Could you copy every line of the data that contains the word "orientation"?

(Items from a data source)

______________________________

(* Let $f\colon S^1\to S^1$ be a self-transverse smooth map, let $J$ be an arc in the range whose endpoints $x,y$ are regular values of $f$, and suppose that $J_+$ is a positive arc and $J_-$ a negative arc in $f^{-1}(J)$. Then there exists an embedded path $p\colon(I,\partial I)\to(S^1,f^{-1}(x))$ which either starts with $J_+$ and ends with some negative arc $J'_-$ of $f^{-1}(J)$, or starts with $J_-$ and ends with some positive arc $J'_+$ of $f^{-1}(J)$, such that $f\circ p\colon(I,\partial I)\to(S^1,\{x\})$ factors through $(\mathbb{R},\{0\})$ (i.e. lifts to the universal cover $\mathbb{R}\to S^1$ with both endpoints going to $0$).
   Context: Orient both circles. For an arc $J$ in the range transverse to $f$, an orientation of $J$ induces an orientation of $f^{-1}(J)$ via the co-orientation. A component $C$ of $f^{-1}(J)$ is a positive (resp. negative) arc if $f|_C\colon(C,\partial C)\to(J,\partial J)$ has degree $+1$ (resp. $-1$). "Starts with $J_+$" means $J_+$ is an initial subarc of the path $p$ (beginning at its endpoint in $f^{-1}(x)$), and "ends with $J'_-$" means $J'_-$ is a terminal subarc of $p$. *)

theory Defs
  imports "HOL-Analysis.Analysis"
begin

text \<open>The circle S^1 is the unit circle in the complex plane, parametrised by cis.\<close>

abbreviation S1 :: "complex set" where "S1 \<equiv> sphere 0 1"

definition smooth_real_fun :: "(real \<Rightarrow> complex) \<Rightarrow> bool" where
  "smooth_real_fun g \<longleftrightarrow> (\<exists>D :: nat \<Rightarrow> real \<Rightarrow> complex. D 0 = g \<and>
      (\<forall>n t. (D n has_vector_derivative D (Suc n) t) (at t)))"

definition smooth_circle_map :: "(complex \<Rightarrow> complex) \<Rightarrow> bool" where
  "smooth_circle_map f \<longleftrightarrow> f ` S1 \<subseteq> S1 \<and> smooth_real_fun (\<lambda>t. f (cis t))"

definition cdiff :: "(complex \<Rightarrow> complex) \<Rightarrow> real \<Rightarrow> complex" where
  "cdiff f t = vector_derivative (\<lambda>s. f (cis s)) (at t)"

definition regular_value :: "(complex \<Rightarrow> complex) \<Rightarrow> complex \<Rightarrow> bool" where
  "regular_value f x \<longleftrightarrow> (\<forall>t. f (cis t) = x \<longrightarrow> cdiff f t \<noteq> 0)"

text \<open>Self-transversality: f x f is transverse to the diagonal away from the diagonal,
  i.e. at a double point f(p) = f(q), p \<noteq> q, the differentials at p and q span the tangent
  space, i.e. not both vanish.\<close>
definition self_transverse :: "(complex \<Rightarrow> complex) \<Rightarrow> bool" where
  "self_transverse f \<longleftrightarrow> (\<forall>s t. cis s \<noteq> cis t \<and> f (cis s) = f (cis t) \<longrightarrow>
      cdiff f s \<noteq> 0 \<or> cdiff f t \<noteq> 0)"

text \<open>Positive / negative arcs of f^{-1}(J), where J = cis ` {a..b} (a < b < a + 2 pi) is
  oriented counterclockwise from cis a to cis b, and the component C = cis ` {c..d}
  carries the counterclockwise orientation of S1. The degree of
  f|C : (C, boundary C) \<rightarrow> (J, boundary J) is +1 iff the initial point of C goes to the initial
  point of J and the terminal point to the terminal point, -1 iff they are swapped.\<close>
definition positive_arc :: "(complex \<Rightarrow> complex) \<Rightarrow> real \<Rightarrow> real \<Rightarrow> complex set \<Rightarrow> bool" where
  "positive_arc f a b C \<longleftrightarrow> C \<in> components (S1 \<inter> f -` (cis ` {a..b})) \<and>
     (\<exists>c d. c < d \<and> d < c + 2 * pi \<and> C = cis ` {c..d} \<and>
            f (cis c) = cis a \<and> f (cis d) = cis b)"

definition negative_arc :: "(complex \<Rightarrow> complex) \<Rightarrow> real \<Rightarrow> real \<Rightarrow> complex set \<Rightarrow> bool" where
  "negative_arc f a b C \<longleftrightarrow> C \<in> components (S1 \<inter> f -` (cis ` {a..b})) \<and>
     (\<exists>c d. c < d \<and> d < c + 2 * pi \<and> C = cis ` {c..d} \<and>
            f (cis c) = cis b \<and> f (cis d) = cis a)"

definition starts_with :: "(real \<Rightarrow> complex) \<Rightarrow> complex set \<Rightarrow> bool" where
  "starts_with p A \<longleftrightarrow> (\<exists>s. 0 < s \<and> s \<le> 1 \<and> p ` {0..s} = A)"

definition ends_with :: "(real \<Rightarrow> complex) \<Rightarrow> complex set \<Rightarrow> bool" where
  "ends_with p A \<longleftrightarrow> (\<exists>s. 0 \<le> s \<and> s < 1 \<and> p ` {s..1} = A)"

end

theory Submission
  imports Defs
begin

text \<open>Write f (cis t) = cis (G t) with a continuous lift G, so that G (t + 2 pi) = G t + 2 pi N.
  Walk along the circle from the end of J+ or J- lying over x, through that arc, and let K be the
  lift of f along the walk, normalised to start at 0 and measured from x towards y: the preimage
  of J is where K lies in [0, L] modulo 2 pi, with L the length of J, and K reaches L at the end
  of the initial arc. Of the two arcs we start from the one whose direction makes the drift
  K (2 pi) nonpositive. Then K must come back from L to 0 before one full turn: after the last
  exit of K through level L comes a first arrival at level 0, and regularity of x and y makes
  both crossings transversal, so the walk between them is an isolated component of the preimage
  of J, traversed from y to x, i.e. with the opposite orientation. Stopping the walk at the
  arrival gives the path, and K itself lifts f along it to a path from 0 to 0.\<close>

section \<open>Arcs of the unit circle\<close>

lemma cis_eq_cis_iff: "cis u = cis v \<longleftrightarrow> (\<exists>k::int. u = v + 2 * pi * k)"
proof -
  have "cis u = cis v \<longleftrightarrow> sin u = sin v \<and> cos u = cos v"
    by (auto simp: complex_eq_iff)
  then show ?thesis
    using sin_cos_eq_iff[of u v] by auto
qed

lemma cis_eq_cis_imp_eq:
  assumes "cis u = cis v" and "\<bar>u - v\<bar> < 2 * pi"
  shows "u = v"
proof -
  obtain k :: int where "u = v + 2 * pi * k"
    using assms(1) cis_eq_cis_iff by blast
  moreover from this have "k = 0"
    using assms(2) by (simp add: abs_mult)
  ultimately show ?thesis
    by simp
qed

______________________________

* [Exercise response]:
   Context: Orient both circles. For an arc $J$ in the range transverse to $f$, an orientation of $J$ induces an orientation of $f^{-1}(J)$ via the co-orientation. A component $C$ of $f^{-1}(J)$ is a positive (resp. negative) arc if $f|_C\colon(C,\partial C)\to(J,\partial J)$ has degree $+1$ (resp. $-1$). "Starts with $J_+$" means $J_+$ is an initial subarc of the path $p$ (beginning at its endpoint in $f^{-1}(x)$), and "ends with $J'_-$" means $J'_-$ is a terminal subarc of $p$. *)
  carries the counterclockwise orientation of S1. The degree of
  of J, traversed from y to x, i.e. with the opposite orientation. Stopping the walk at the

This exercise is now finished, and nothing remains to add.